*Input data*
definition inP :: "nat \<Rightarrow> nat \<Rightarrow> nat \<Rightarrow> real \<Rightarrow> real \<Rightarrow> real \<Rightarrow> real \<Rightarrow> pt \<Rightarrow> bool" where
  "inP T L l Cb Cu V Vb p \<longleftrightarrow>
     (let x = fst p; y = snd p in
       (\<forall>t. t \<notin> {1..T} \<longrightarrow> x t = 0 \<and> y t = 0) \<and>
       (\<forall>t\<in>{1..T}. x t \<ge> 0 \<and> (y t = 0 \<or> y t = 1)) \<and>
       (\<forall>t\<in>{2..T}. \<forall>k\<in>{t..min T (t + L - 1)}. - y (t - 1) + y t - y k \<le> 0) \<and>
       (\<forall>t\<in>{2..T}. \<forall>k\<in>{t..min T (t + l - 1)}. y (t - 1) - y t + y k \<le> 1) \<and>
       (\<forall>t\<in>{1..T}. - x t + Cu * y t \<le> 0 \<and> x t - Cb * y t \<le> 0) \<and>
       (\<forall>t\<in>{2..T}. x t - x (t - 1) \<le> V * y (t - 1) + Vb * (1 - y (t - 1))) \<and>
       (\<forall>t\<in>{2..T}. x (t - 1) - x t \<le> V * y t + Vb * (1 - y t)))"

definition Pset :: "nat \<Rightarrow> nat \<Rightarrow> nat \<Rightarrow> real \<Rightarrow> real \<Rightarrow> real \<Rightarrow> real \<Rightarrow> pt set" where
  "Pset T L l Cb Cu V Vb = {p. inP T L l Cb Cu V Vb p}"

definition affdim :: "'a::real_vector set \<Rightarrow> int" where
  "affdim S = (if S = {} then -1 else int (dim {a - b | a b. a \<in> S \<and> b \<in> S}))"

definition valid_ineq :: "'a::real_vector set \<Rightarrow> ('a \<Rightarrow> real) \<Rightarrow> ('a \<Rightarrow> real) \<Rightarrow> bool" where
  "valid_ineq K lhs rhs \<longleftrightarrow> (\<forall>p\<in>K. lhs p \<le> rhs p)"

definition facet_defining :: "'a::real_vector set \<Rightarrow> ('a \<Rightarrow> real) \<Rightarrow> ('a \<Rightarrow> real) \<Rightarrow> bool" where
  "facet_defining K lhs rhs \<longleftrightarrow> valid_ineq K lhs rhs \<and>
     affdim {p\<in>K. lhs p = rhs p} = affdim K - 1"

end

theory Submission
  imports Defs
begin

text \<open>
  Read the commitment variables backwards from \<open>t\<close>. If the unit is on at \<open>t\<close> and
  its last start-up was \<open>r \<le> smax\<close> periods earlier, the ramp-up limits give
  \<open>x\<^sub>t \<le> Vb + rV = Cb - (Cb - Vb - rV)\<close>, which pays for the term of that start-up. Further back,
  start-ups and shut-downs alternate, each start-up at least \<open>L\<close> periods before the next
  shut-down, and condition (c) makes every such pair contribute a nonpositive amount.

  The face contains \<open>0\<close> and explicit schedules (always on with a single dip, late
  start-ups, start-ups exactly \<open>s \<in> S\<close> periods before \<open>t\<close> ramping up at full speed, early
  shut-downs); together with the unit vector of \<open>x\<^sub>t\<close> they span the whole space.

  The second family is the image of the first under the time reversal \<open>t \<mapsto> T + 1 - t\<close>,
  which maps \<open>P\<close> onto itself.
\<close>

section \<open>Affine dimension\<close>

lemma span_differences:
  fixes S :: "'a::real_vector set"
  assumes "0 \<in> S"
  shows "span {a - b |a b. a \<in> S \<and> b \<in> S} = span S"
  unfolding real_vector.span_eq
proof (intro conjI subsetI)
  fix d assume "d \<in> {a - b |a b. a \<in> S \<and> b \<in> S}"
  then show "d \<in> span S"
    by (auto intro: real_vector.span_diff real_vector.span_base)
next
  fix a assume "a \<in> S"
  then have "a - 0 \<in> {a - b |a b. a \<in> S \<and> b \<in> S}"
    using assms by blast
  then show "a \<in> span {a - b |a b. a \<in> S \<and> b \<in> S}"
    by (simp add: real_vector.span_base)
qed

lemma affdim_eq_dim:
  fixes S :: "'a::real_vector set"
  assumes "0 \<in> S"
  shows "affdim S = int (dim S)"
  using assms real_vector.span_eq_dim[OF span_differences[OF assms]]
  by (auto simp: affdim_def)

lemma dim_insert_notin_span:
  fixes S W :: "'a::real_vector set"
  assumes "finite W" "S \<subseteq> span W" "x \<notin> span S"
  shows "dim (insert x S) = Suc (dim S)"
proof -
  obtain B where B: "B \<subseteq> S" "S \<subseteq> span B" "independent B"
    by (metis real_vector.maximal_independent_subset)
  have "B \<subseteq> span W"
    using B(1) assms(2) by (rule order_trans)
  then have "finite B"
    using real_vector.independent_span_bound[OF assms(1) B(3)] by simp
  have "span B \<subseteq> span S"
    using B(1) by (rule real_vector.span_mono)
  then have "x \<notin> span B"
    using assms(3) by blast
  then have "x \<notin> B"
    using real_vector.span_superset[of B] by blast
  have "dim S = card B"
    by (rule real_vector.dim_unique[OF B]) simp
  moreover have "dim (insert x S) = card (insert x B)"
  proof (rule real_vector.dim_unique)
    show "insert x B \<subseteq> insert x S"
      using B(1) by blast
    have "span B \<subseteq> span (insert x B)"
      by (rule real_vector.span_mono) blast
    moreover have "x \<in> span (insert x B)"
      by (rule real_vector.span_base) simp
    ultimately show "insert x S \<subseteq> span (insert x B)"
      using B(2) by blast
    show "independent (insert x B)"
      using B(3) \<open>x \<notin> span B\<close> \<open>x \<notin> B\<close> by (simp add: real_vector.independent_insert)
  qed simp
  ultimately show ?thesis
    using \<open>finite B\<close> \<open>x \<notin> B\<close> by simp
qed

lemma affdim_codim_one:
  fixes F K W :: "'a::real_vector set"
  assumes "0 \<in> F" "F \<subseteq> K" "finite W" "K \<subseteq> span W"
    and "v \<in> span K" "v \<notin> span F" "K \<subseteq> span (insert v F)"
  shows "affdim F = affdim K - 1"
proof -
  have "span K = span (insert v F)"
    using assms(2,5,7) real_vector.span_superset[of K]
    by (auto simp: real_vector.span_eq)
  then have "dim K = dim (insert v F)"
    by (rule real_vector.span_eq_dim)
  also have "\<dots> = Suc (dim F)"
    using assms(2,4) by (intro dim_insert_notin_span[OF assms(3) _ assms(6)]) auto
  finally show ?thesis
    using affdim_eq_dim[of F] affdim_eq_dim[of K] assms(1,2) by auto
qed

lemma dim_injective_linear_image:
  fixes f :: "'a::real_vector \<Rightarrow> 'b::real_vector"
  assumes "linear f" "inj f"
  shows "dim (f ` S) = dim S"
proof -
  obtain B where B: "B \<subseteq> S" "S \<subseteq> span B" "independent B"
    by (metis real_vector.maximal_independent_subset)
  have "dim S = card B"
    by (rule real_vector.dim_unique[OF B]) simp
  moreover have "dim (f ` S) = card (f ` B)"
  proof (rule real_vector.dim_unique)
    show "f ` B \<subseteq> f ` S"
      using B(1) by blast
    show "f ` S \<subseteq> span (f ` B)"
      using B(2) by (auto simp: real_vector.linear_span_image[OF assms(1)])
    show "independent (f ` B)"
      using real_vector.linear_independent_injective_image[OF assms(1) B(3)] assms(2)
      by (simp add: inj_on_subset)
  qed simp
  ultimately show ?thesis
    using assms(2) by (simp add: card_image inj_on_subset)
qed

lemma affdim_injective_linear_image:
  fixes f :: "'a::real_vector \<Rightarrow> 'b::real_vector"
  assumes "linear f" "inj f"
  shows "affdim (f ` S) = affdim S"
proof -
  have "{a - b |a b. a \<in> f ` S \<and> b \<in> f ` S} = f ` {a - b |a b. a \<in> S \<and> b \<in> S}"
  proof (intro equalityI subsetI)
    fix d assume "d \<in> {a - b |a b. a \<in> f ` S \<and> b \<in> f ` S}"
    then obtain a b where "a \<in> S" "b \<in> S" "d = f (a - b)"
      by (auto simp: real_vector.linear_diff[OF assms(1)])
    then show "d \<in> f ` {a - b |a b. a \<in> S \<and> b \<in> S}"
      by blast
  next
    fix d assume "d \<in> f ` {a - b |a b. a \<in> S \<and> b \<in> S}"
    then obtain a b where "a \<in> S" "b \<in> S" "d = f a - f b"
      by (auto simp: real_vector.linear_diff[OF assms(1)])
    then show "d \<in> {a - b |a b. a \<in> f ` S \<and> b \<in> f ` S}"
      by blast
  qed
  then show ?thesis
    using dim_injective_linear_image[OF assms] by (simp add: affdim_def)
qed

lemma valid_ineq_convex_hull:
  assumes "linear (\<lambda>p. lhs p - rhs p)" "\<And>p. p \<in> A \<Longrightarrow> lhs p \<le> rhs p"
  shows "valid_ineq (convex hull A) lhs rhs"
proof -
  have "convex hull A \<subseteq> (\<lambda>p. lhs p - rhs p) -` {..0}"
    using assms by (intro hull_minimal convex_linear_vimage convex_real_interval) auto
  then show ?thesis
    by (auto simp: valid_ineq_def)
qed

lemma facet_defining_linear_involution:
  fixes R :: "'a::real_vector \<Rightarrow> 'a"
  assumes "linear R" "\<And>p. R (R p) = p" "R ` K = K" "facet_defining K lhs rhs"
  shows "facet_defining K (\<lambda>p. lhs (R p)) (\<lambda>p. rhs (R p))"
proof -
  have "inj R"
    by (metis assms(2) injI)
  have RK: "R p \<in> K \<longleftrightarrow> p \<in> K" for p
    using assms(2,3) by (metis image_iff)
  have "{p \<in> K. lhs (R p) = rhs (R p)} = R ` {p \<in> K. lhs p = rhs p}"
  proof (intro equalityI subsetI)
    fix p assume "p \<in> {p \<in> K. lhs (R p) = rhs (R p)}"
    then have "R p \<in> {p \<in> K. lhs p = rhs p}"
      using RK by simp
    then show "p \<in> R ` {p \<in> K. lhs p = rhs p}"
      using assms(2) by (metis image_eqI)
  next
    fix q assume "q \<in> R ` {p \<in> K. lhs p = rhs p}"
    then obtain p where "p \<in> K" "lhs p = rhs p" "q = R p"
      by blast
    then show "q \<in> {p \<in> K. lhs (R p) = rhs (R p)}"
      using RK assms(2) by simp
  qed
  moreover have "valid_ineq K (\<lambda>p. lhs (R p)) (\<lambda>p. rhs (R p))"
    using assms(4) RK by (simp add: facet_defining_def valid_ineq_def)
  ultimately show ?thesis
    using assms(4) affdim_injective_linear_image[OF assms(1) \<open>inj R\<close>]
    by (simp add: facet_defining_def)
qed

section \<open>Coordinates on the horizon\<close>

lemma sum_fun_apply: "(\<Sum>i\<in>A. f i) x = (\<Sum>i\<in>A. f i x :: 'b::comm_monoid_add)"
  by (induction A rule: infinite_finite_induct) auto

definition ind :: "nat \<Rightarrow> nat \<Rightarrow> nat \<Rightarrow> real" where
  "ind a b i = (if i \<in> {a..b} then 1 else 0)"

lemma ind_same: "ind i i k = (if k = i then 1 else 0)"
  by (auto simp: ind_def)

lemma ind_increment:
  assumes "1 \<le> u" "a \<le> Suc b"
  shows "ind a b u - ind a b (u - 1) = (if u = a then 1 else 0) - (if u = Suc b then 1 else 0)"
  using assms unfolding ind_def by auto

lemma sum_ind_increments:
  fixes w :: "nat \<Rightarrow> real"
  assumes "finite S" "\<forall>s\<in>S. s < t" "a \<le> Suc b"
  shows "(\<Sum>s\<in>S. w s * (ind a b (t - s) - ind a b (t - s - 1))) =
    (if a \<le> t \<and> t - a \<in> S then w (t - a) else 0) - (if b < t \<and> t - Suc b \<in> S then w (t - Suc b) else 0)"
proof -
  have "w s * (ind a b (t - s) - ind a b (t - s - 1)) =
      (if a \<le> t \<and> s = t - a then w s else 0) - (if b < t \<and> s = t - Suc b then w s else 0)"
    if "s \<in> S" for s
  proof -
    have "s < t"
      using assms(2) that by blast
    then have "t - s = a \<longleftrightarrow> a \<le> t \<and> s = t - a" "t - s = Suc b \<longleftrightarrow> b < t \<and> s = t - Suc b"
      by auto
    then show ?thesis
      using ind_increment[of "t - s" a b] \<open>s < t\<close> assms(3) by (simp add: right_diff_distrib)
  qed
  then have "(\<Sum>s\<in>S. w s * (ind a b (t - s) - ind a b (t - s - 1))) =
      (\<Sum>s\<in>S. if a \<le> t \<and> s = t - a then w s else 0) - (\<Sum>s\<in>S. if b < t \<and> s = t - Suc b then w s else 0)"
    by (simp add: sum_subtractf)
  also have "\<dots> = (if a \<le> t \<and> t - a \<in> S then w (t - a) else 0) - (if b < t \<and> t - Suc b \<in> S then w (t - Suc b) else 0)"
    by (cases "a \<le> t"; cases "b < t") (simp_all add: assms(1))
  finally show ?thesis .
qed

definition horizon :: "nat \<Rightarrow> pt set" where
  "horizon T = {p. \<forall>k. k \<notin> {1..T} \<longrightarrow> fst p k = 0 \<and> snd p k = 0}"

lemma subspace_horizon: "subspace (horizon T)"
  unfolding subspace_def horizon_def by (auto simp: scaleR_fun_def)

*Exercise requirements*
Look through the entries above. Extract each line with the word "that".

*Your solution*
  \<open>x\<^sub>t \<le> Vb + rV = Cb - (Cb - Vb - rV)\<close>, which pays for the term of that start-up. Further back,
      using assms(2) that by blast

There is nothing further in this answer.